RFR(S): 8231291: C2: loop opts before EA should maximally unroll loops

Wed Dec 18 10:02:01 UTC 2019

Hi Roland,

> http://cr.openjdk.java.net/~roland/8231291/webrev.01/

As I understand, the intention of the change you propose is to perform 
complete loop unrolling earlier so EA can benefit from it.

Some comments:

src/hotspot/share/opto/loopnode.cpp:

+  if (mode == LoopOptsMaxUnroll) {
+    for (LoopTreeIterator iter(_ltree_root); !iter.done(); iter.next()) {
+      IdealLoopTree* lpt = iter.current();
+      if (lpt->is_innermost() && lpt->_allow_optimizations && 
!lpt->_has_call && lpt->is_counted()) {
+        lpt->compute_trip_count(this);
+        if (!lpt->do_one_iteration_loop(this) &&
+            !lpt->do_remove_empty_loop(this)) {
+          AutoNodeBudget node_budget(this);
+          if (lpt->policy_maximally_unroll(this)) {
+            memset( worklist.adr(), 0, worklist.Size()*sizeof(Node*) );
+            do_maximally_unroll(lpt, worklist);
+          }
+        }
+      }
+    }

It looks like LoopOptsMaxUnroll is a shortened version of 
IdealLoopTree::iteration_split/iteration_split_impl().

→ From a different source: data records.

(* Let $N$ be a finite nonempty set, $p\notin N$ and $N'=N\cup\{p\}$. Let $\mathscr{C}^1\neq\mathscr{C}^2$ be minimal balanced collections on $N$ with balancing weights $\lambda^{\mathscr{C}^1},\lambda^{\mathscr{C}^2}$, and let $\mathscr{C}=\mathscr{C}^1\cup\mathscr{C}^2=\{S_1,\dots,S_k\}$. Assume that the $n\times k$ matrix $A^{\mathscr{C}}$ with columns $\mathbf{1}^{S_1},\dots,\mathbf{1}^{S_k}$ has rank $k-1$. Define $\mu,\nu\in\mathbb{R}^{\mathscr{C}}$ by $\mu_S=\lambda^{\mathscr{C}^1}_S$ if $S\in\mathscr{C}^1$ and $\mu_S=0$ otherwise, and $\nu_S=\lambda^{\mathscr{C}^2}_S$ if $S\in\mathscr{C}^2$ and $\nu_S=0$ otherwise. Let $I\subseteq[k]$ be such that $\mu_I\neq\nu_I$ (where $\mu_I=\sum_{i\in I}\mu_{S_i}$, similarly $\nu_I$) and $$t^I=\frac{1-\mu_I}{\nu_I-\mu_I}\in\,]0,1[.$$ Then $\mathscr{C}'=\{S_i\cup\{p\}\mid i\in I\}\cup\{S_i\mid i\in[k]\setminus I\}$ is a minimal balanced collection on $N'$, with balancing weights $(1-t^I)\mu_{S_i}+t^I\nu_{S_i}$ for the set coming from $S_i$.
   Context: For $T\subseteq N$, $\mathbf{1}^T\in\mathbb{R}^N$ denotes the characteristic vector of $T$; $n=|N|$. A collection $\mathscr{B}$ of nonempty subsets of a finite set $N$ is balanced if there exist positive weights $(\lambda_S)_{S\in\mathscr{B}}$ (balancing weights) with $\sum_{S\in\mathscr{B}}\lambda_S\mathbf{1}^S=\mathbf{1}^N$. A balanced collection is minimal if it contains no balanced proper subcollection; equivalently, its system of balancing weights is unique. $[k]=\{1,\dots,k\}$. *)

theory Defs
  imports "HOL-Analysis.Analysis"
begin

definition balancing_weights :: "'a set \<Rightarrow> 'a set set \<Rightarrow> ('a set \<Rightarrow> real) \<Rightarrow> bool" where
  "balancing_weights N B lam \<longleftrightarrow>
     (\<forall>S\<in>B. lam S > 0) \<and> (\<forall>i\<in>N. (\<Sum>S\<in>B. if i \<in> S then lam S else 0) = 1)"

definition balanced :: "'a set \<Rightarrow> 'a set set \<Rightarrow> bool" where
  "balanced N B \<longleftrightarrow> finite B \<and> (\<forall>S\<in>B. S \<noteq> {} \<and> S \<subseteq> N) \<and> (\<exists>lam. balancing_weights N B lam)"

definition minimal_balanced :: "'a set \<Rightarrow> 'a set set \<Rightarrow> bool" where
  "minimal_balanced N B \<longleftrightarrow> balanced N B \<and> (\<forall>B'. B' \<subset> B \<longrightarrow> \<not> balanced N B')"

definition charvec :: "'a::finite set \<Rightarrow> real^'a" where
  "charvec T = (\<chi> i. if i \<in> T then 1 else 0)"

end

theory Submission
  imports Defs
begin

text \<open>Both \<open>\<mu>\<close> and \<open>\<nu>\<close> solve \<open>A\<^sup>\<C> x = \<one>\<^sup>N\<close>, and the rank
  hypothesis makes the kernel of \<open>A\<^sup>\<C>\<close> one-dimensional, so every solution has the form
  \<open>(1 - s) \<mu> + s \<nu>\<close>. Adding \<open>p\<close> to the sets indexed by \<open>I\<close> adds the single equation
  \<open>x\<^sub>I = 1\<close>, which on this line of solutions has the unique root \<open>s = t\<^sup>I\<close>. Hence the
  lifted collection is balanced exactly by the weights \<open>(1 - t\<^sup>I) \<mu> + t\<^sup>I \<nu>\<close>, which are
  positive on all of \<open>\<C>\<close> because \<open>0 < t\<^sup>I < 1\<close>. A balanced subcollection would carry
  weights that solve the same system, hence coincide with these and vanish nowhere,
  so it is the whole collection.\<close>

text \<open>\<open>coverage B w i\<close> is the \<open>i\<close>-th entry of \<open>A\<^sup>B w\<close>.\<close>

definition coverage :: "'a set set \<Rightarrow> ('a set \<Rightarrow> real) \<Rightarrow> 'a \<Rightarrow> real" where
  "coverage B w i = (\<Sum>S\<in>B. if i \<in> S then w S else 0)"

lemma balancing_weights_iff_coverage:
  "balancing_weights N B w \<longleftrightarrow> (\<forall>S\<in>B. 0 < w S) \<and> (\<forall>i\<in>N. coverage B w i = 1)"
  by (simp add: balancing_weights_def coverage_def)

lemma coverage_restrict:
  assumes "finite C" "B \<subseteq> C"
  shows "coverage C (\<lambda>S. if S \<in> B then w S else 0) i = coverage B w i"
  unfolding coverage_def
  by (rule sum.mono_neutral_cong_right) (use assms in auto)
(* Let $n\ge2$ and $\lambda$ a partition of $n$ with $\lambda=\lambda'$. Let $R_\lambda:B_n\to\mathrm{GL}(V_\lambda)$ be the irreducible representation of $B_n$ over $\mathbb{Q}(s)$ afforded by the Hecke algebra $H_n(s)$ indexed by $\lambda$, and let $\epsilon:B_n\to\{\pm1\}$ be the character $\sigma_i\mapsto-1$. If $\epsilon$ occurs in the symmetric square $S^2R_\lambda$, then the corresponding nonzero symmetric bilinear form $\beta_\lambda$ on $V_\lambda$ (satisfying $\beta_\lambda(R_\lambda(b)x,R_\lambda(b)y)=\epsilon(b)\beta_\lambda(x,y)$) is hyperbolic over $\mathbb{Q}(s)$.
   Context: $s$ is an indeterminate. $B_n$ is the braid group with Artin generators $\sigma_1,\dots,\sigma_{n-1}$. $H_n(s)$ is the quotient of $\mathbb{Q}(s)B_n$ by $(\sigma_1-s)(\sigma_1+s^{-1})=0$; it is split semisimple over $\mathbb{Q}(s)$, with irreducible representations $R_\lambda$ indexed by partitions $\lambda$ of $n$ (deforming the Specht modules of $\mathfrak{S}_n$), and the restriction of $R_\lambda$ to $B_{n-1}$ is $\bigoplus_{\mu\nearrow\lambda}R_\mu$ (Young's rule, $\mu\nearrow\lambda$ meaning $\lambda$ is obtained from $\mu$ by adding one box). $\lambda'$ denotes the transposed partition. A nondegenerate symmetric bilinear form is hyperbolic if the quadratic space is an orthogonal sum of hyperbolic planes. *)

theory Defs
  imports "HOL-Computational_Algebra.Polynomial" "HOL-Computational_Algebra.Fraction_Field"
begin

type_synonym Qs = "rat poly fract"

definition s_ind :: Qs where
  "s_ind = Fract [:0, 1:] 1"

text \<open>Partitions of n as weakly decreasing lists of positive integers; cells (row, column), 0-based.\<close>
definition is_partition :: "nat \<Rightarrow> nat list \<Rightarrow> bool" where
  "is_partition n lam \<longleftrightarrow> sorted_wrt (\<ge>) lam \<and> (\<forall>x\<in>set lam. 0 < x) \<and> sum_list lam = n"

definition diagram :: "nat list \<Rightarrow> (nat \<times> nat) set" where
  "diagram lam = {(i, j). i < length lam \<and> j < lam ! i}"

definition conj_partition :: "nat list \<Rightarrow> nat list" where
  "conj_partition lam =
     map (\<lambda>j. length (filter (\<lambda>r. j < r) lam)) [0..<(if lam = [] then 0 else hd lam)]"

text \<open>Standard Young tableaux of shape lam: a tableau is the list whose k-th entry is the
  cell containing the number k+1; entries increase along rows and down columns.\<close>
definition syt :: "nat \<Rightarrow> nat list \<Rightarrow> (nat \<times> nat) list set" where
  "syt n lam = {ts. length ts = n \<and> distinct ts \<and> set ts = diagram lam \<and>
     (\<forall>k<n. \<forall>l<n. fst (ts ! k) \<le> fst (ts ! l) \<and> snd (ts ! k) \<le> snd (ts ! l) \<longrightarrow> k \<le> l)}"

definition content :: "nat \<times> nat \<Rightarrow> int" where
  "content c = int (snd c) - int (fst c)"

Have you considered factoring out the common code? Right now, its hard 
to correlate the checks for LoopOptsMaxUnroll with iteration_split() and 
there's a risk they'll diverge eventually.

Do you need the following steps from the original version?

================================================
   // Look for loop-exit tests with my 50/50 guesses from the Parsing stage.
   // Replace with a 1-in-10 exit guess.
   if (!is_root() && is_loop()) {
     adjust_loop_exit_prob(phase);
   }

   // Compute loop trip count from profile data
   compute_profile_trip_cnt(phase);

No use of profiling data since full unrolling is happening anyway?

========================
   if (!cl->is_valid_counted_loop()) return true; // Ignore various 
kinds of broken loops

========================
   // Do nothing special to pre- and post- loops
   if (cl->is_pre_loop() || cl->is_post_loop()) return true;

I assume there are no pre-/post-loops exist at that point, so these 
checks are redundant. Turn them into asserts?

========================
   if (cl->is_normal_loop()) {
     if (policy_unswitching(phase)) {
       phase->do_unswitching(this, old_new);
       return true;
     }
     if (policy_maximally_unroll(phase)) {
       // Here we did some unrolling and peeling.  Eventually we will
       // completely unroll this loop and it will no longer be a loop.
       phase->do_maximally_unroll(this, old_new);
       return true;
     }

You don't perform loop unswitching at all. So, the order of operations 
changes. Do you see any problems with that?

========================

src/hotspot/share/opto/compile.cpp
    // Perform escape analysis
    if (_do_escape_analysis && ConnectionGraph::has_candidates(this)) {
      if (has_loops()) {
        // Cleanup graph (remove dead nodes).
        TracePhase tp("idealLoop", &timers[_t_idealLoop]);
-      PhaseIdealLoop::optimize(igvn, LoopOptsNone);
+      PhaseIdealLoop::optimize(igvn, LoopOptsMaxUnroll);
        if (major_progress()) print_method(PHASE_PHASEIDEAL_BEFORE_EA, 2);
        if (failing())  return;
      }
      ConnectionGraph::do_analysis(this, &igvn);

Does it make sense to do more elaborate checks before performing early 
full loop unrolling? Like whether candidates are used inside loop bodies?

Best regards,
Vladimir Ivanov
> 
> As discussed before:
> 
> https://mail.openjdk.java.net/pipermail/hotspot-compiler-dev/2019-September/035094.html
> https://mail.openjdk.java.net/pipermail/hotspot-compiler-dev/2019-November/036171.html
> 
> Fully unrolling loops early helps EA. The change to cfgnode.cpp is
> required because full unroll sometimes needs peeling which may add a phi
> between a memory access and its AddP, a pattern that EA doesn't
> recognize.
> 
> Roland.
>